[Excerpted records]:

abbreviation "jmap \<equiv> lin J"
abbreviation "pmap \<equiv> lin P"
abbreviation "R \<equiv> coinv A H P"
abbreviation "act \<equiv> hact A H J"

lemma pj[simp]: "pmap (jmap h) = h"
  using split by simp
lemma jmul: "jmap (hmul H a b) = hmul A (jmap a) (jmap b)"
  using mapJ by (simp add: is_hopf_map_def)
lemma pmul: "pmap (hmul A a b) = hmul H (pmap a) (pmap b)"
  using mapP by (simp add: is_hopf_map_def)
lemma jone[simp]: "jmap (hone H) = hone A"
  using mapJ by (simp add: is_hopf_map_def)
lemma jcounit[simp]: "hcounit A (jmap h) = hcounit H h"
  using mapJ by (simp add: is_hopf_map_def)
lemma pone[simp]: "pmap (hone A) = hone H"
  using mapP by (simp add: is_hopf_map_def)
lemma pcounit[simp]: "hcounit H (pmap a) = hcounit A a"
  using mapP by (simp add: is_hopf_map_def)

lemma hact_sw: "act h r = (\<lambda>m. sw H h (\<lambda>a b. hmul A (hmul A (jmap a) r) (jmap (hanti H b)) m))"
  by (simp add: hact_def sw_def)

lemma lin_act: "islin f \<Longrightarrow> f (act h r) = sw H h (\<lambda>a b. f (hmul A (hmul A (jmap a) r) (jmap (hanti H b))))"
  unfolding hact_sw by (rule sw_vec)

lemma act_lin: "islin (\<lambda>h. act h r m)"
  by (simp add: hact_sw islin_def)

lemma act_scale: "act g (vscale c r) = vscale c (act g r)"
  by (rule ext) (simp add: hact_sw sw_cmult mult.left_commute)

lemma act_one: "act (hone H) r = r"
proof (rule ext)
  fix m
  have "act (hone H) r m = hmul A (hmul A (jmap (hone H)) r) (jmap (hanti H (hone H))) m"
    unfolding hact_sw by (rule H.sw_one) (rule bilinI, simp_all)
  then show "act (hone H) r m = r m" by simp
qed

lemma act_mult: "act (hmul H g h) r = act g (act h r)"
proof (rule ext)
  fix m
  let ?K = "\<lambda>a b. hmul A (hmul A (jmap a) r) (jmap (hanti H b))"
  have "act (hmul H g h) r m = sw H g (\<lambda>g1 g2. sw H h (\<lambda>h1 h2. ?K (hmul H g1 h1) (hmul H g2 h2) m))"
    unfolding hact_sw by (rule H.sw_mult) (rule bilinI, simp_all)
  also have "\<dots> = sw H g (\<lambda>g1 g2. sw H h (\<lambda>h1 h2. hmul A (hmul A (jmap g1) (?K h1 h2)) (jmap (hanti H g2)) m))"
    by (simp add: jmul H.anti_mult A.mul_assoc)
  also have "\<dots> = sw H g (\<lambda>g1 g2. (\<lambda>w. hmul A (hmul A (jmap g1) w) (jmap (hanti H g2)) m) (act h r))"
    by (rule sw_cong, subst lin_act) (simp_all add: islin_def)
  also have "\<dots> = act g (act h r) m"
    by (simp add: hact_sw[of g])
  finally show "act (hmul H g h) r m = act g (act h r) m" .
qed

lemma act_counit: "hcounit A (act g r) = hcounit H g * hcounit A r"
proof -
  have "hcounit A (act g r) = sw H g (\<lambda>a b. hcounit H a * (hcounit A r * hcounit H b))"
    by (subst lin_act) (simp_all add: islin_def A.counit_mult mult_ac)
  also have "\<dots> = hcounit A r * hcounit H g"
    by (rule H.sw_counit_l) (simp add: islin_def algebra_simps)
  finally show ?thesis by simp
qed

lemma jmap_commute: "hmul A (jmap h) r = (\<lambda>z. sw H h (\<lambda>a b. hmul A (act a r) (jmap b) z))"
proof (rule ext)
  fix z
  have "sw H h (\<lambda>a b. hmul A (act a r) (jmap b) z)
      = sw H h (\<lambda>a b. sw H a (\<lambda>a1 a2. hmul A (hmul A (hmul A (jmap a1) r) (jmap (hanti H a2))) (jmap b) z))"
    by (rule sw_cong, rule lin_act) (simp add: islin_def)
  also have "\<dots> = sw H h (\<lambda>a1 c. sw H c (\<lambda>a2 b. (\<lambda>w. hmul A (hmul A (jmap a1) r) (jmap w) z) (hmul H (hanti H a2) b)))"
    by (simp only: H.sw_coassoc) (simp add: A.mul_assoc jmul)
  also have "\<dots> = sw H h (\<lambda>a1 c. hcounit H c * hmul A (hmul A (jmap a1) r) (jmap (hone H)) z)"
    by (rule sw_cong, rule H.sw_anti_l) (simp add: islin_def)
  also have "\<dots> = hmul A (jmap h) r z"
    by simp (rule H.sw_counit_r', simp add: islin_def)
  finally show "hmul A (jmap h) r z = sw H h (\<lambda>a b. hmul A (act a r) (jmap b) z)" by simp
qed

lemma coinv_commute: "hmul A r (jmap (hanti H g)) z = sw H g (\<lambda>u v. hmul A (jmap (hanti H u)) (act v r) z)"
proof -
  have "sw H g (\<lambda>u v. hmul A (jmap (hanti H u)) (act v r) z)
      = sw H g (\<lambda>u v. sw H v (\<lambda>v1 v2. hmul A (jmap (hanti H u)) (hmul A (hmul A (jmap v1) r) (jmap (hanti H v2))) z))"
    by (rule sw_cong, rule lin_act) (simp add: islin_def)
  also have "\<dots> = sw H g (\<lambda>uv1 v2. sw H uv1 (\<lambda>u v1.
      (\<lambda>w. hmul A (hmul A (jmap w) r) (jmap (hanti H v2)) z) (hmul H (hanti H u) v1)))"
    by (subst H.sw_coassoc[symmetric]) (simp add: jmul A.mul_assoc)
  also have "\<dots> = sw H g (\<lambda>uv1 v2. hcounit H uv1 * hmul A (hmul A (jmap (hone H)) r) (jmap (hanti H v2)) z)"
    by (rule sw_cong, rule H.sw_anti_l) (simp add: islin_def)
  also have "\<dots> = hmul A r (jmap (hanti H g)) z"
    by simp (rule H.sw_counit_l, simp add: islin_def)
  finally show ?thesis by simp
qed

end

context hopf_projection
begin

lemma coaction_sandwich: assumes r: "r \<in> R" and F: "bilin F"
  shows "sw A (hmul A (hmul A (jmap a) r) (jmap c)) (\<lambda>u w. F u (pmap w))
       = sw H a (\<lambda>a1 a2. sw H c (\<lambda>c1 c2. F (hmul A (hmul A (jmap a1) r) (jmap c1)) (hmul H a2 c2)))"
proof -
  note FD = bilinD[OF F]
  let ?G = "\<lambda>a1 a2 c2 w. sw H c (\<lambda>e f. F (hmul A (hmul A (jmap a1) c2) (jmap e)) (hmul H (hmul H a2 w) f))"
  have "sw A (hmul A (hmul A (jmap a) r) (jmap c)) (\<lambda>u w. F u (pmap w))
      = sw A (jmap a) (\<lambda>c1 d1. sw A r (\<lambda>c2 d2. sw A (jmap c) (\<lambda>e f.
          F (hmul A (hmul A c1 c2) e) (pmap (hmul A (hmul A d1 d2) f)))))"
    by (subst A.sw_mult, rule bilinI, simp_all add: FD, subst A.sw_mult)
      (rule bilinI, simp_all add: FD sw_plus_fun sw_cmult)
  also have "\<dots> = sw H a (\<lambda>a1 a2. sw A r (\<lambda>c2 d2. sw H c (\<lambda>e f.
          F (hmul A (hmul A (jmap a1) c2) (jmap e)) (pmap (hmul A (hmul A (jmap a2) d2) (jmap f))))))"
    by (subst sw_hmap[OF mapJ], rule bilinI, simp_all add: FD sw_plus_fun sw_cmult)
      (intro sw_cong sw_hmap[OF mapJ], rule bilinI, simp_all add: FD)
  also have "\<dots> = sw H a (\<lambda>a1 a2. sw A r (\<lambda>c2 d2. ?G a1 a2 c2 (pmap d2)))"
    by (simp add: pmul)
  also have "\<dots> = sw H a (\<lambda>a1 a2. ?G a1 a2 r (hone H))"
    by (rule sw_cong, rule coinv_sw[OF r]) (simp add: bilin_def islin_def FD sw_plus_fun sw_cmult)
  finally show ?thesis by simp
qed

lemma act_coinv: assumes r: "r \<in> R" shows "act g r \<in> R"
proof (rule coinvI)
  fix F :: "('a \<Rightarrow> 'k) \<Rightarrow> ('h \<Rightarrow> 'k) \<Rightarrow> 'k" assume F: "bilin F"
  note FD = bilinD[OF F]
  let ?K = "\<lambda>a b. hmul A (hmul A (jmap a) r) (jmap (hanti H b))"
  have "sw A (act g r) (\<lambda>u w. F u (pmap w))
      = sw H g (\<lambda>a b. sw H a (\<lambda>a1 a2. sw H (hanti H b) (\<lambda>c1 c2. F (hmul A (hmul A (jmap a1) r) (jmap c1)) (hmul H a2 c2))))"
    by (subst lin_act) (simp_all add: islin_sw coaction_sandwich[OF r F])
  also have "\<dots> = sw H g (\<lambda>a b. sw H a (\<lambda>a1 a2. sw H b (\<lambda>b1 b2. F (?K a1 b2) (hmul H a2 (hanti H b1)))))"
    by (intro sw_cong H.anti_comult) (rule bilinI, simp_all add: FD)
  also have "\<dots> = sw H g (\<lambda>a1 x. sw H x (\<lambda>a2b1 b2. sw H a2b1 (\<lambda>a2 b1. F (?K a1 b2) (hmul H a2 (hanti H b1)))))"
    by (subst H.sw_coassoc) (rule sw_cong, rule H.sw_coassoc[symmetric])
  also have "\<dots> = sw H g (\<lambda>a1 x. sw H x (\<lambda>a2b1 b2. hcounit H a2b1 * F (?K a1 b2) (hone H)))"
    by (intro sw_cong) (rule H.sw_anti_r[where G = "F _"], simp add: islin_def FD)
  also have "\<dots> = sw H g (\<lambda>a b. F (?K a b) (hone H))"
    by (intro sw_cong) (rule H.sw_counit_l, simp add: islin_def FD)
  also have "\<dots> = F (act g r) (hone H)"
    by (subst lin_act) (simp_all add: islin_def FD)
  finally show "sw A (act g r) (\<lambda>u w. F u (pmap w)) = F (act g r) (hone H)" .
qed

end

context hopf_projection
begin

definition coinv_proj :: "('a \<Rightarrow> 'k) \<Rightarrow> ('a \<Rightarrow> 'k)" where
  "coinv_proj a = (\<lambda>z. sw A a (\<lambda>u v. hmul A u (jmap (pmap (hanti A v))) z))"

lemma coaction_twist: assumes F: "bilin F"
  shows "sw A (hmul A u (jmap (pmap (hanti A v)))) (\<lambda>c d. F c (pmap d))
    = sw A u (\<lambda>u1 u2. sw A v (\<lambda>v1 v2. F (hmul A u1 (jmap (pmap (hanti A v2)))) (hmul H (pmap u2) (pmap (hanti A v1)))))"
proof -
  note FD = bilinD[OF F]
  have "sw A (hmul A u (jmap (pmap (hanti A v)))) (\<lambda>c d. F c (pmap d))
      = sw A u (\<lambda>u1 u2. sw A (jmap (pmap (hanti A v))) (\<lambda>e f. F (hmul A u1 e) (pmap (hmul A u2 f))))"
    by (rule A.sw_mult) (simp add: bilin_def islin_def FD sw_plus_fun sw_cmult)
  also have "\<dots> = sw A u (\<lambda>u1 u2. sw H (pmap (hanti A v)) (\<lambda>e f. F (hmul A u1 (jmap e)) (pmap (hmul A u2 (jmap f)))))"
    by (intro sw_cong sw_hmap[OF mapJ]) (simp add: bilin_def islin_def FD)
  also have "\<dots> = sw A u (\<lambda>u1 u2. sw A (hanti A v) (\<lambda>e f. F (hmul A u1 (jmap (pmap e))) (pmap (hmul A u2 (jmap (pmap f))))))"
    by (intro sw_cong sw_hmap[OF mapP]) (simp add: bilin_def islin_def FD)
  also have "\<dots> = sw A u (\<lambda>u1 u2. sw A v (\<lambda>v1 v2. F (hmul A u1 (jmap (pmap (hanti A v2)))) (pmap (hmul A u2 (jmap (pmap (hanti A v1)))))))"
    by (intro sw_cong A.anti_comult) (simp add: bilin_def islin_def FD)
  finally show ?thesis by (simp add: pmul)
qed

---

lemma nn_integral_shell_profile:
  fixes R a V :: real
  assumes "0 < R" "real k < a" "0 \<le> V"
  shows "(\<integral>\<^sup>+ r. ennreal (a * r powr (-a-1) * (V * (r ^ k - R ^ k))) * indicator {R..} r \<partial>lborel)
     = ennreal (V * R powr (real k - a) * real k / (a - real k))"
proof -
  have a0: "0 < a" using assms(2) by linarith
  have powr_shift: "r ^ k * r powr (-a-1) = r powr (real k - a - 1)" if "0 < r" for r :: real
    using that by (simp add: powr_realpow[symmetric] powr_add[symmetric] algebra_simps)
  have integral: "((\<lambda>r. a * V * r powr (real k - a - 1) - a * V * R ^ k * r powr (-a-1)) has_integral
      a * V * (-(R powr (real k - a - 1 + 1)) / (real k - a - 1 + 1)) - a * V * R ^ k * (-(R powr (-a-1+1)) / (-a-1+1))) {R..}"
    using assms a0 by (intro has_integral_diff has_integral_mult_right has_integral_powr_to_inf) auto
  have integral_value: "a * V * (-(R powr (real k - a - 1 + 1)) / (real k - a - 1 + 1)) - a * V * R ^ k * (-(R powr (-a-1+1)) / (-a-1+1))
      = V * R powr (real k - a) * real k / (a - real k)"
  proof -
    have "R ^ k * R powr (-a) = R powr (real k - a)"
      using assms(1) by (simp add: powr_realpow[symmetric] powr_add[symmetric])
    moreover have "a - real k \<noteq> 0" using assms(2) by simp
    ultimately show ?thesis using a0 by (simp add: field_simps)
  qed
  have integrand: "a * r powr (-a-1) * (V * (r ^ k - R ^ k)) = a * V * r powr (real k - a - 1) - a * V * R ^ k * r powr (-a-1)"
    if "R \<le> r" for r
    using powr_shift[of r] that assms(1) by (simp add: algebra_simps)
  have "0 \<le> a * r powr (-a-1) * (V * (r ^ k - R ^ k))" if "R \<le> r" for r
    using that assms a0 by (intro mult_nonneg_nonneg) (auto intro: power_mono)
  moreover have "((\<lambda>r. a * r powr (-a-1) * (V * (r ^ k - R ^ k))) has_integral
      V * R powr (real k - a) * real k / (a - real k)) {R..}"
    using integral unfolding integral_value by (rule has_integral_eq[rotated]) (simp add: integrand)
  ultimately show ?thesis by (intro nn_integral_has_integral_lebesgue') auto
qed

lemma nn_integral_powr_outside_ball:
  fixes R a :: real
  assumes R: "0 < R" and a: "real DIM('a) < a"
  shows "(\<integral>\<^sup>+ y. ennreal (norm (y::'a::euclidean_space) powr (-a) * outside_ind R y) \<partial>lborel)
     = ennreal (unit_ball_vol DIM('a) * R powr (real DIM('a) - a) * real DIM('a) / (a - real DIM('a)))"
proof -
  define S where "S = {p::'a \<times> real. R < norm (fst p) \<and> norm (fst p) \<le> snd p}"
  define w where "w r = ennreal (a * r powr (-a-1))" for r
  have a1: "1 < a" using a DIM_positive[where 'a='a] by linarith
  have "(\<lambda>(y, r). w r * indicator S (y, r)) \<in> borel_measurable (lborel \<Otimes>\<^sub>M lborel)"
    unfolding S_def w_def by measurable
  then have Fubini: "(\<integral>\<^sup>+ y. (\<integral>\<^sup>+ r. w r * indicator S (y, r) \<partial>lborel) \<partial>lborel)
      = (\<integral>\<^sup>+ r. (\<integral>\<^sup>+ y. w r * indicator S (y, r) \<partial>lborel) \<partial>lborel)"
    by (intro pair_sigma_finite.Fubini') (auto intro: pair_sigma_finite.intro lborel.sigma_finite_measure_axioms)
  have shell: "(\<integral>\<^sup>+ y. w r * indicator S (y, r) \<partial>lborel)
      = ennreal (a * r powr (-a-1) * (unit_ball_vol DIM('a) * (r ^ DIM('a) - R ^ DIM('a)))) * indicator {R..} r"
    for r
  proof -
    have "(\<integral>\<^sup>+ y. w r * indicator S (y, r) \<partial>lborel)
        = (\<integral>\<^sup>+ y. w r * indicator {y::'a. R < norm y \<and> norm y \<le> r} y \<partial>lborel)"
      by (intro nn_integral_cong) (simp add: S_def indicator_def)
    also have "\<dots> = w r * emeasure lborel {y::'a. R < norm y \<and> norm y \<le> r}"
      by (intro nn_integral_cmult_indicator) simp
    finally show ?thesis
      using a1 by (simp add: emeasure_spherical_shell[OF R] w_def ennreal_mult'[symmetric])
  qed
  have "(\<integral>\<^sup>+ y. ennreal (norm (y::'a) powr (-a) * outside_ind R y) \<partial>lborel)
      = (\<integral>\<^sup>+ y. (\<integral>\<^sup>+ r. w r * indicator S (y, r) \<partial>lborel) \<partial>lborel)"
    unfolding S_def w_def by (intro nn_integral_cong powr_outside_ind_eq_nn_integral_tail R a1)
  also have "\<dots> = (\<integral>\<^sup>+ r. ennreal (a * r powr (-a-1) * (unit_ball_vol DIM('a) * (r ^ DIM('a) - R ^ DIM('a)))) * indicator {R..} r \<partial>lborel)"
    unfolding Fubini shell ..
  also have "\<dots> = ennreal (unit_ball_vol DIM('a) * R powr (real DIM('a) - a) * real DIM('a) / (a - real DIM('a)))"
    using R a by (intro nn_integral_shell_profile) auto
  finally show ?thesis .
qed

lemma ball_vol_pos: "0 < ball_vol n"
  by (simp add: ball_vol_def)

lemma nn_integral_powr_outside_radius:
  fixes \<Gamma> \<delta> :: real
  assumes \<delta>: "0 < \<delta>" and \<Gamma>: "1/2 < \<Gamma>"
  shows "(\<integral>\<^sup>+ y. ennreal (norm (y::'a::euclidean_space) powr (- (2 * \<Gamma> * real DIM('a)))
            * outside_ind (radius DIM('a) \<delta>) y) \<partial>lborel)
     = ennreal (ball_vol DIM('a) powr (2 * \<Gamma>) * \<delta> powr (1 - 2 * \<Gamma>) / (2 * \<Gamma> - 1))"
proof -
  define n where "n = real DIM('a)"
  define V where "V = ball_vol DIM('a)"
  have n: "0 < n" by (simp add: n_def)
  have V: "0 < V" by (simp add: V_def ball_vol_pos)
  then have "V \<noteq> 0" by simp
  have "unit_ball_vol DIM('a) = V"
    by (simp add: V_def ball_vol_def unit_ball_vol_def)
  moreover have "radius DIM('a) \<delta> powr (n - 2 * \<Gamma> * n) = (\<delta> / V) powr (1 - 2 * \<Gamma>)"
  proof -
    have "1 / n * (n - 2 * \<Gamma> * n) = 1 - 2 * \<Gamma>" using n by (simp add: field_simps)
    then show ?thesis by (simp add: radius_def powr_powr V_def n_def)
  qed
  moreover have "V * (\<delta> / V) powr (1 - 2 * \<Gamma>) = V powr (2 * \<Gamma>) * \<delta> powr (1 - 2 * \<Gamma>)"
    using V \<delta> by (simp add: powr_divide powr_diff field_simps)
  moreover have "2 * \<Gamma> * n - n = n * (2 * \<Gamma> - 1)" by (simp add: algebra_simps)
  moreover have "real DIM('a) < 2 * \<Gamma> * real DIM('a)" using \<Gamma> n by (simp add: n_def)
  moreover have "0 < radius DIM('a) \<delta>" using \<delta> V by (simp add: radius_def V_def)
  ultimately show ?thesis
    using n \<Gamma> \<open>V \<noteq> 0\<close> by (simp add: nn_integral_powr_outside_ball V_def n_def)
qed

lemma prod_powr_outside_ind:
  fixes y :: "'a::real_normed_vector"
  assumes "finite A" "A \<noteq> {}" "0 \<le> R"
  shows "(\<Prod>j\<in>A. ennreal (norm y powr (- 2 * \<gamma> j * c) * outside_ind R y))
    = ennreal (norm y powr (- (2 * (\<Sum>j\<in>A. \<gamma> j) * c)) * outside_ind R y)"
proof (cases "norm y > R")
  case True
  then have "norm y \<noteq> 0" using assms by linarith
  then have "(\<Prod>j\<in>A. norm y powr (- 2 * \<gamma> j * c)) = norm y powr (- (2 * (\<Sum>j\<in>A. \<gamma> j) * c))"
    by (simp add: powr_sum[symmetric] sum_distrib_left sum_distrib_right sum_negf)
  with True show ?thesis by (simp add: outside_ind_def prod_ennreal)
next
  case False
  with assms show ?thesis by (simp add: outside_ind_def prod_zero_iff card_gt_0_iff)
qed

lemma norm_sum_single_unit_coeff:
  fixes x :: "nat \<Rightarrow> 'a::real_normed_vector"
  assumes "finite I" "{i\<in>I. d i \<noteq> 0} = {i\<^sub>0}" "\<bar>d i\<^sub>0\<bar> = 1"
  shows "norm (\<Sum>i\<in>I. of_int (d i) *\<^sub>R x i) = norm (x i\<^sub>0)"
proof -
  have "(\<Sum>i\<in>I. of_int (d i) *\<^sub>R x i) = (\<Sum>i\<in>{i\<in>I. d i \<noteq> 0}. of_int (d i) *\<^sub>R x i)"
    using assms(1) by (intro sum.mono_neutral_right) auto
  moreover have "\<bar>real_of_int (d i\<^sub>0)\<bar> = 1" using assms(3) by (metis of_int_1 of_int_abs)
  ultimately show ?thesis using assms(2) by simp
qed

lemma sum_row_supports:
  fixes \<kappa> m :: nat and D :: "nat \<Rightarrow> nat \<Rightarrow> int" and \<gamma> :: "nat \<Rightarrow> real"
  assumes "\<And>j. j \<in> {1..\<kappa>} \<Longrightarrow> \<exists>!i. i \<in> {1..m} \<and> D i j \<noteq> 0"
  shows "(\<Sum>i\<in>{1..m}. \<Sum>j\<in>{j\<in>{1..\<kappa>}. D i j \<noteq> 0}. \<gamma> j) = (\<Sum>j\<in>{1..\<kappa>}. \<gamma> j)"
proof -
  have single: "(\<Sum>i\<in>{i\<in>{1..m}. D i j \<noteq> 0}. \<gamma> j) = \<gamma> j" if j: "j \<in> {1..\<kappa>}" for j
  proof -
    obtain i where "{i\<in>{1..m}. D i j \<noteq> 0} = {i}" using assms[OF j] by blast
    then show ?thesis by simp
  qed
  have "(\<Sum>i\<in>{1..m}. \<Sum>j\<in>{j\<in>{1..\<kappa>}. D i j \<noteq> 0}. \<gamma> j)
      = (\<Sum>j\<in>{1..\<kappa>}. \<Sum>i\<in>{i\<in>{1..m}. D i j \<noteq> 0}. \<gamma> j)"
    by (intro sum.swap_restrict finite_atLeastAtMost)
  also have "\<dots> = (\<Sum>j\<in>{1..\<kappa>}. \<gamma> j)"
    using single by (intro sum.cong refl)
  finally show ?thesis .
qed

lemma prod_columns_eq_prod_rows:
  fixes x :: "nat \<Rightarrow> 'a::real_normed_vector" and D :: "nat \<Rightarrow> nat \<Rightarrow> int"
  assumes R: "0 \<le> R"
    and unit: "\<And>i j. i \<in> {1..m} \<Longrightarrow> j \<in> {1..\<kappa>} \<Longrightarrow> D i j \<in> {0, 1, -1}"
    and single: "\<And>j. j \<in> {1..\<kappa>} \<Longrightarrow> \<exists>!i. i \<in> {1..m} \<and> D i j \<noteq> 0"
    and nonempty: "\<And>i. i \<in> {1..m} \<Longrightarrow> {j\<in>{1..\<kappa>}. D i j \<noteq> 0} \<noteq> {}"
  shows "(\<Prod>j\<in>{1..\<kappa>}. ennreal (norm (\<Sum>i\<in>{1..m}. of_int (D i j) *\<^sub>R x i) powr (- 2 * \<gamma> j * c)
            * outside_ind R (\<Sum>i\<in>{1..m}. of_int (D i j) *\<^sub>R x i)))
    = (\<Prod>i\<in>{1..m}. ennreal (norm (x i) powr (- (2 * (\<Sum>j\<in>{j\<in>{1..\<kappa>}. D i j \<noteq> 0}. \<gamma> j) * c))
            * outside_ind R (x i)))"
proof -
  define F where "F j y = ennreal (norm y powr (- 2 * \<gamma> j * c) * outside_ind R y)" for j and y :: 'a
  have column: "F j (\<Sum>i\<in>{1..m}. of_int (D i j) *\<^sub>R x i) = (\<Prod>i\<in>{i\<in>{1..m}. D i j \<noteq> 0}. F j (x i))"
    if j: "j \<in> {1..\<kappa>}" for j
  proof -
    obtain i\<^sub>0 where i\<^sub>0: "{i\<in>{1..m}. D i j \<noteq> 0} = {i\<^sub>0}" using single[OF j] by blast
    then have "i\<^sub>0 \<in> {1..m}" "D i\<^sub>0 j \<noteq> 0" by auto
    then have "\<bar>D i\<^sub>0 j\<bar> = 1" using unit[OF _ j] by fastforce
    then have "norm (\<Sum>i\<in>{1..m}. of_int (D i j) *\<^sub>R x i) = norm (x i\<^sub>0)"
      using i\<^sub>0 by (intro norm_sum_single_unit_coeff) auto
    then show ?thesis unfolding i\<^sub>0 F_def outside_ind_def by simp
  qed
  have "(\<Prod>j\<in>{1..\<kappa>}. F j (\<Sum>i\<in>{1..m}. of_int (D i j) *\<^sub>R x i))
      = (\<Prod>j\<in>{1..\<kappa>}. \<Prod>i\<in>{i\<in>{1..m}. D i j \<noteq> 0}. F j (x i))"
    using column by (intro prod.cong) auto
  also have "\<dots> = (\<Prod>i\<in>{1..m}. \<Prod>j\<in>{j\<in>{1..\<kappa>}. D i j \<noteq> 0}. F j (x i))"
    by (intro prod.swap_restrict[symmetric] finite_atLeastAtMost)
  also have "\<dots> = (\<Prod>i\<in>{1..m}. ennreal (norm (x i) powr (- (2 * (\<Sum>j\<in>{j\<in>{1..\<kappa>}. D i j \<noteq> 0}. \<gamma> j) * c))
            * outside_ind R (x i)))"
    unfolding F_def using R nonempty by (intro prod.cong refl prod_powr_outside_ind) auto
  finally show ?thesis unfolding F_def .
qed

[Task directions]: Copy every line of the listing that contains the word "bilinI".

[Task output]:
    unfolding hact_sw by (rule H.sw_one) (rule bilinI, simp_all)
    unfolding hact_sw by (rule H.sw_mult) (rule bilinI, simp_all)
    by (subst A.sw_mult, rule bilinI, simp_all add: FD, subst A.sw_mult)
      (rule bilinI, simp_all add: FD sw_plus_fun sw_cmult)
    by (subst sw_hmap[OF mapJ], rule bilinI, simp_all add: FD sw_plus_fun sw_cmult)
      (intro sw_cong sw_hmap[OF mapJ], rule bilinI, simp_all add: FD)
    by (intro sw_cong H.anti_comult) (rule bilinI, simp_all add: FD)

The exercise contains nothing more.